In the light of the controversy, I decided to circle back to some of my favorite projects that on the face of them should not have blown up into the stratosphere as they did. I wanted to see how the people were doing today. What I found was enlightening and confirms that, though I understand Malone’s concerns—I too scratched my head at my first invite to contribute to a Kickstarter project—I don’t think she’s scratched beneath the surface of the crowdfunding space. So, stroll with me down memory lane a bit.
1) Remember Karen Klein, the bullied bus monitor? A guy probably half her age, and a total stranger, launched an Indiegogo campaign so Klein could have a vacation. The project raised $698,873.00 beyond its desired $5,000 goal. (Am I the only one who instantly developed a crush on Max Sidorov? I think not.)
Klein could have hoarded the money, for which I’m sure she’s paying a chunk in taxes. Or, speaking of nudges, given the ensuing critical comments begrudging Klein her money, she could have gone sour on the crowd. Instead Klein turned over $100,000 to start an anti-bullying foundation. (Other online sources quote $75K. Hey, I never said the Internet was perfect.) Klein is not just taking a well-earned vacation; she’s also helping to rehabilitate bullies.

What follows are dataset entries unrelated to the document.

lemma block_perms_eq_image_append:
  assumes "A \<subseteq> {1..a1 + a2}" "card A = a1"
  shows "block_perms a1 a2 A =
    (\<lambda>(xs, ys). xs @ ys) ` (permutations_of_set A \<times> permutations_of_set ({1..a1 + a2} - A))"
proof (intro equalityI subsetI)
  fix w assume "w \<in> block_perms a1 a2 A"
  then have w: "distinct w" "set w = {1..a1 + a2}" "set (take a1 w) = A"
    unfolding block_perms_def by auto
  then have "(take a1 w, drop a1 w) \<in> permutations_of_set A \<times> permutations_of_set ({1..a1 + a2} - A)"
    using set_drop_eq_diff_set_take[OF w(1), of a1] by (auto intro: distinct_take distinct_drop)
  then show "w \<in> (\<lambda>(xs, ys). xs @ ys) ` (permutations_of_set A \<times> permutations_of_set ({1..a1 + a2} - A))"
    by (rule rev_image_eqI) simp
next
  fix w assume "w \<in> (\<lambda>(xs, ys). xs @ ys) ` (permutations_of_set A \<times> permutations_of_set ({1..a1 + a2} - A))"
  then obtain xs ys where p: "xs \<in> permutations_of_set A" "ys \<in> permutations_of_set ({1..a1 + a2} - A)"
    and w: "w = xs @ ys" by auto
  have "finite A" using assms(1) finite_subset by blast
  then have "length xs = a1" "length ys = a2"
    using p assms by (simp_all add: length_finite_permutations_of_set card_Diff_subset)
  then show "w \<in> block_perms a1 a2 A"
    using p w assms(1) unfolding block_perms_def permutations_of_set_def by auto
qed
(* Let $O$ be an operator on $\mathcal{H}=(\mathbb{C}^2)^{\otimes n}$ with spectral norm $\|O\|$, and let $\lambda$ be such that $\langle \mathbb{1}\rangle(\lambda)>0$. Let $\varepsilon>0$ and $\kappa>0$. Suppose both estimators $\hat{\langle O\rangle}$ and $\hat{\langle \mathbb{1}\rangle}$ are computed with sample size $M$ satisfying $$M\ge \frac{\chi^2}{\kappa\,\varepsilon^2\,\langle \mathbb{1}\rangle(\lambda)^2},\qquad \chi=\sqrt{\|O\|^2+\sigma_O^2}+\sqrt{1+\sigma_{\mathbb{1}}^2}\,\|O\|+\varepsilon\sqrt{1+\sigma_{\mathbb{1}}^2}.$$ Then $$\Pr\left(\left|\frac{\hat{\langle O\rangle}}{\hat{\langle \mathbb{1}\rangle}}-\widetilde{\langle O\rangle}(\lambda)\right|\le\varepsilon\right)\ge 1-2\kappa .$$
   Context: Setting (variational quantum-circuit Monte Carlo). Fix $n$ qubits with Hilbert space $\mathcal{H}=(\mathbb{C}^2)^{\otimes n}$. A parameterised circuit gives normalised states $|\phi(\theta)\rangle=U(\theta)|0\rangle^{\otimes n}$, $\theta\in\Theta\subseteq\mathbb{R}^K$, with $U(\theta)$ unitary. A complex-valued guiding function $\alpha(\theta;\lambda)$ depends on parameters $\lambda$; let $C(\lambda)=\int_\Theta|\alpha(\theta;\lambda)|\,d\theta$ (finite and positive), $P(\theta;\lambda)=|\alpha(\theta;\lambda)|/C(\lambda)$ (a probability density), and $e^{i\gamma(\theta;\lambda)}=\alpha(\theta;\lambda)/|\alpha(\theta;\lambda)|$. The (unnormalised) variational state is $|\psi(\lambda)\rangle=\int_\Theta P(\theta;\lambda)e^{i\gamma(\theta;\lambda)}|\phi(\theta)\rangle\,d\theta$. For an operator $O$, $\langle O\rangle(\lambda)=\langle\psi(\lambda)|O|\psi(\lambda)\rangle$ and $\widetilde{\langle O\rangle}(\lambda)=\langle O\rangle(\lambda)/\langle \mathbb{1}\rangle(\lambda)$, where $\mathbb{1}$ is the identity. Estimator: for $\theta,\theta'\in\Theta$ let $X_{\theta,\theta'}=e^{i[\gamma(\theta;\lambda)-\gamma(\theta';\lambda)]}\langle\phi(\theta')|O|\phi(\theta)\rangle$. It is assumed that for each pair $(\theta,\theta')$ a (quantum measurement) procedure outputs a random variable $\hat X_{\theta,\theta'}$ that is an unbiased estimator of $X_{\theta,\theta'}$ with variance $\mathbb{E}|\hat X_{\theta,\theta'}-X_{\theta,\theta'}|^2\le\sigma_O^2$ for all $\theta,\theta'$. The estimator $\hat{\langle O\rangle}$ with sample size $M$ draws $M$ independent pairs $(\theta_l,\theta_l')$ from the density $P(\theta;\lambda)P(\theta';\lambda)$, obtains independent $\hat X_{\theta_l,\theta_l'}$, and outputs their average $\frac1M\sum_{l=1}^M\hat X_{\theta_l,\theta'_l}$. The estimator $\hat{\langle \mathbb{1}\rangle}$ is the same construction for $O=\mathbb{1}$, with per-pair variance bound $\sigma_{\mathbb{1}}^2$. *)

theory Defs
  imports "HOL-Probability.Probability"
begin
(* Let $T_{init}$ be the number of nodes of the initial tree. The expected optimization time of (1+1) GP-single on MO-WORDER is $O(T_{init}+n\log n)$.
   Context: Fix an integer $n\ge 1$ and real weights $w_1\ge w_2\ge\dots\ge w_n>0$. The terminal set is $T=\{x_1,\bar x_1,\dots,x_n,\bar x_n\}$ ($\bar x_i$ is the complement of $x_i$; $x_i$ is called positive). A syntax tree is either the empty tree or a rooted ordered binary tree whose inner nodes are all labelled by the binary function $J$ (join, exactly two ordered children) and whose leaves are labelled by elements of $T$. The complexity $C(X)$ is the number of nodes of $X$ (0 for the empty tree). The leaf list $l$ of $X$ is the sequence of leaf labels in an inorder traversal. WORDER: build a list $S$ by scanning $l$ from front to rear and appending a literal only if neither it nor its complement is already in $S$; WORDER$(X)=\sum_{i:\,x_i\in S} w_i$. MO-WORDER$(X)=(\mathrm{WORDER}(X),C(X))$, WORDER to be maximized and $C$ minimized. Mutation (HVL-Prime applied $k$ times): each application chooses uniformly at random one of three operations. Substitute: replace a uniformly random leaf by a uniformly random $u\in T$. Insert: choose a uniformly random node $v$ and uniformly random $u\in T$, replace $v$ by a $J$-node with children $u$ and $v$ in uniformly random order (inserting into the empty tree yields the single leaf $u$). Delete: choose a uniformly random leaf $v$ with parent $p$ and sibling $u$, replace $p$ by $u$ (deleting $p$ and $v$; deleting the only leaf of a one-leaf tree yields the empty tree). Single-operation mutation uses $k=1$. (1+1) GP-single on MO-$F$: start with an initial tree $X$; in each iteration let $Y$ be $X$ mutated with $k=1$, and set $X:=Y$ iff $F(Y)>F(X)$, or $F(Y)=F(X)$ and $C(Y)\le C(X)$. Expected optimization time: expected number of iterations (fitness evaluations) until the current solution is for the first time optimal, i.e. has maximum possible $F$-value and, among such trees, minimum complexity. *)

theory Defs
  imports "HOL-Probability.Probability"
begin

text \<open>Literals: (i, True) is x_i, (i, False) is its complement.\<close>
type_synonym lit = "nat \<times> bool"

text \<open>Non-empty syntax trees; the empty tree is represented by None.\<close>
datatype stree = Leaf lit | Jn stree stree

type_synonym tree = "stree option"

definition Tn :: "nat \<Rightarrow> lit set" where
  "Tn n = {1..n} \<times> UNIV"

fun snodes :: "stree \<Rightarrow> nat" where
  "snodes (Leaf a) = 1"
| "snodes (Jn l r) = 1 + snodes l + snodes r"

definition cplx :: "tree \<Rightarrow> nat" where
  "cplx X = (case X of None \<Rightarrow> 0 | Some t \<Rightarrow> snodes t)"

fun sleaves :: "stree \<Rightarrow> lit list" where
  "sleaves (Leaf a) = [a]"
| "sleaves (Jn l r) = sleaves l @ sleaves r"
lemma tedges_parent_unique:
  "sorted_leaves t \<Longrightarrow> (u, v) \<in> tedges t \<Longrightarrow> (u', v) \<in> tedges t \<Longrightarrow> u = u'"
proof (induction t)
  case (App a b)
  have sb: "sorted_leaves b" and ab: "\<forall>x\<in>set (leaves a). \<forall>y\<in>set (leaves b). x < y"
    using App.prems(1) by (auto simp: sorted_wrt_append)
  have "(x, leftmost b) \<notin> tedges b" for x
    using tedges_less[OF sb, of x] tedges_subset_leaves[of b] leftmost_le[OF sb, of x] by fastforce
  moreover have "x \<notin> set (leaves a)" if "x \<in> set (leaves b)" for x
    using ab that by blast
  ultimately show ?case
    using App tedges_subset_leaves[of a] tedges_subset_leaves[of b] leftmost_in_leaves[of b]
    by (simp add: sorted_wrt_append) blast
qed simp

lemma relpow_tedges_add_le:
  assumes "sorted_leaves t"
  shows "(u, v) \<in> tedges t ^^ k \<Longrightarrow> u + k \<le> v"
proof (induction k arbitrary: v)
  case (Suc k)
  then obtain w where "(u, w) \<in> tedges t ^^ k" "(w, v) \<in> tedges t"
    by auto
  then show ?case
    using Suc.IH tedges_less[OF assms] by fastforce
qed simp

lemma relpow_tedges_le_Max:
  assumes "sorted_leaves t" and "(u, v) \<in> tedges t ^^ k"
  shows "k \<le> Max (set (leaves t))"
proof (cases "k = 0")
  case False
  then have "(u, v) \<in> (tedges t)\<^sup>+"
    using assms(2) trancl_power by blast
  then have "v \<in> set (leaves t)"
    using tedges_subset_leaves[of t] by (auto dest: tranclD2)
  then have "v \<le> Max (set (leaves t))"
    by simp
  then show ?thesis
    using relpow_tedges_add_le[OF assms] by linarith
qed simp

lemma relpow_le_height:
  assumes "sorted_leaves t" and "(u, v) \<in> tedges t ^^ k"
  shows "k \<le> height t u"
  unfolding height_def
proof (rule Greatest_le_nat[where b = "Max (set (leaves t))"])
  show "\<exists>v. (u, v) \<in> tedges t ^^ k"
    using assms(2) by blast
  show "j \<le> Max (set (leaves t))" if "\<exists>v. (u, v) \<in> tedges t ^^ j" for j
    using that relpow_tedges_le_Max[OF assms(1)] by blast
qed

lemma relpow_height:
  assumes "sorted_leaves t"
  shows "\<exists>v. (u, v) \<in> tedges t ^^ height t u"
  unfolding height_def
proof (rule GreatestI_nat[where k = 0 and b = "Max (set (leaves t))"])
  show "\<exists>v. (u, v) \<in> tedges t ^^ 0"
    by simp
  show "j \<le> Max (set (leaves t))" if "\<exists>v. (u, v) \<in> tedges t ^^ j" for j
    using that relpow_tedges_le_Max[OF assms] by blast
qed

lemma height_le_Max: "sorted_leaves t \<Longrightarrow> height t u \<le> Max (set (leaves t))"
  using relpow_height relpow_tedges_le_Max by blast

lemma height_child_less:
  assumes "sorted_leaves t" and "(x, c) \<in> tedges t"
  shows "height t c < height t x"
proof -
  obtain v where "(c, v) \<in> tedges t ^^ height t c"
    using relpow_height[OF assms(1)] by blast
  then have "(x, v) \<in> tedges t ^^ Suc (height t c)"
    using assms(2) by (rule relpow_Suc_I2[rotated])
  then show ?thesis
    using relpow_le_height[OF assms(1)] by fastforce
qed

text \<open>Distance from the root of \<open>G(t)\<close>: the tree of a right argument hangs one edge
  below the root.\<close>
primrec depth :: "bterm \<Rightarrow> nat \<Rightarrow> nat" where
  "depth (Var i) v = 0"
| "depth (App a b) v = (if v \<in> set (leaves a) then depth a v else Suc (depth b v))"

lemma depth_leftmost: "depth t (leftmost t) = 0"
  by (induction t) (auto simp: leftmost_in_leaves)

lemma depth_tedges: "sorted_leaves t \<Longrightarrow> (u, v) \<in> tedges t \<Longrightarrow> depth t v = Suc (depth t u)"
proof (induction t)
  case (App a b)
  have disj: "x \<in> set (leaves b) \<Longrightarrow> x \<notin> set (leaves a)" for x
    using App.prems(1) by (auto simp: sorted_wrt_append)
  from App.prems(2) consider "(u, v) \<in> tedges a" | "(u, v) \<in> tedges b"
    | "u = leftmost a" "v = leftmost b"
    by auto
  then show ?case
  proof cases
    case 1
    then show ?thesis
      using App tedges_subset_leaves[of a] by (auto simp: sorted_wrt_append)
  next
    case 2
    then show ?thesis
      using App tedges_subset_leaves[of b] disj by (auto simp: sorted_wrt_append)
  next
    case 3
    then show ?thesis
      using leftmost_in_leaves[of a] leftmost_in_leaves[of b] disj depth_leftmost[of a]
        depth_leftmost[of b] by simp
  qed
qed simp

lemma depth_relpow:
  "sorted_leaves t \<Longrightarrow> (u, v) \<in> tedges t ^^ k \<Longrightarrow> depth t v = depth t u + k"
proof (induction k arbitrary: v)
  case (Suc k)
  then obtain w where "(u, w) \<in> tedges t ^^ k" "(w, v) \<in> tedges t"
    by auto
  then show ?case
    using Suc depth_tedges by fastforce
qed simp
(* Suppose $\frac n2-\sqrt n<k<\frac n2$. There exist universal constants $C,c>0$ such that $$\inf_{\hat\theta}\ \sup_{\theta\in\mathbb{R},\ \|\gamma\|_0\le k}P_{\theta,\gamma}\left\{|\hat\theta-\theta|>C\sqrt{\log\Big(1+\frac{n}{(n-2k)^2}\Big)}\right\}\ge c,$$ where the infimum is over all estimators (measurable functions of $X_1,\dots,X_n$).
   Context: Model: for an integer $n\ge 2$, observations $X_j=\theta+\gamma_j+ Z_j$, $j=1,\dots,n$ (unit variance), where $\theta\in\mathbb{R}$, $\gamma\in\mathbb{R}^n$ and $Z_1,\dots,Z_n$ are i.i.d. $N(0,1)$; $P_{\theta,\gamma}$ denotes the joint law of $(X_1,\dots,X_n)$. $\|\gamma\|_0=\#\{j:\gamma_j\neq 0\}$. *)

theory Defs
  imports "HOL-Probability.Probability"
begin

text \<open>Joint law P_{theta,gamma} of X_j = theta + gamma_j + Z_j, j = 0..n-1, Z_j iid N(0,1).
  Vectors in R^n are functions nat => real restricted to the index set {0..<n}.\<close>
definition obs_model :: "nat \<Rightarrow> real \<Rightarrow> (nat \<Rightarrow> real) \<Rightarrow> (nat \<Rightarrow> real) measure" where
  "obs_model n \<theta> \<gamma> = PiM {0..<n} (\<lambda>j. density lborel (normal_density (\<theta> + \<gamma> j) 1))"

definition l0norm :: "nat \<Rightarrow> (nat \<Rightarrow> real) \<Rightarrow> nat" where
  "l0norm n \<gamma> = card {j \<in> {0..<n}. \<gamma> j \<noteq> 0}"

end

theory Submission
  imports Defs
begin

2) Then there’s Caine, the 9 year old from East L.A. who fashioned an elaborate arcade out of cardboard because he was bored and lonely. A stranger, who goes by Nirvan, was his first and only customer. Struck by Caine’s ingenious construction, Nirvan organized a surprise flashmob. Thousands of people from all over showed up to play. If you’re having a bad day click on this now to turn it around.
Buoyed, Nivan went further. With the original goal set at $25,000, he crowdfunded a project for Caine’s Arcade Scholarship Fund. It raised $221,066. A generous matching dollar-for-dollar seed-funding grant of $250,000 followed, which launched Caine’s Arcade Imagination Foundation to help more innovative kids around the country. Who knew cardboard could lift up a generation?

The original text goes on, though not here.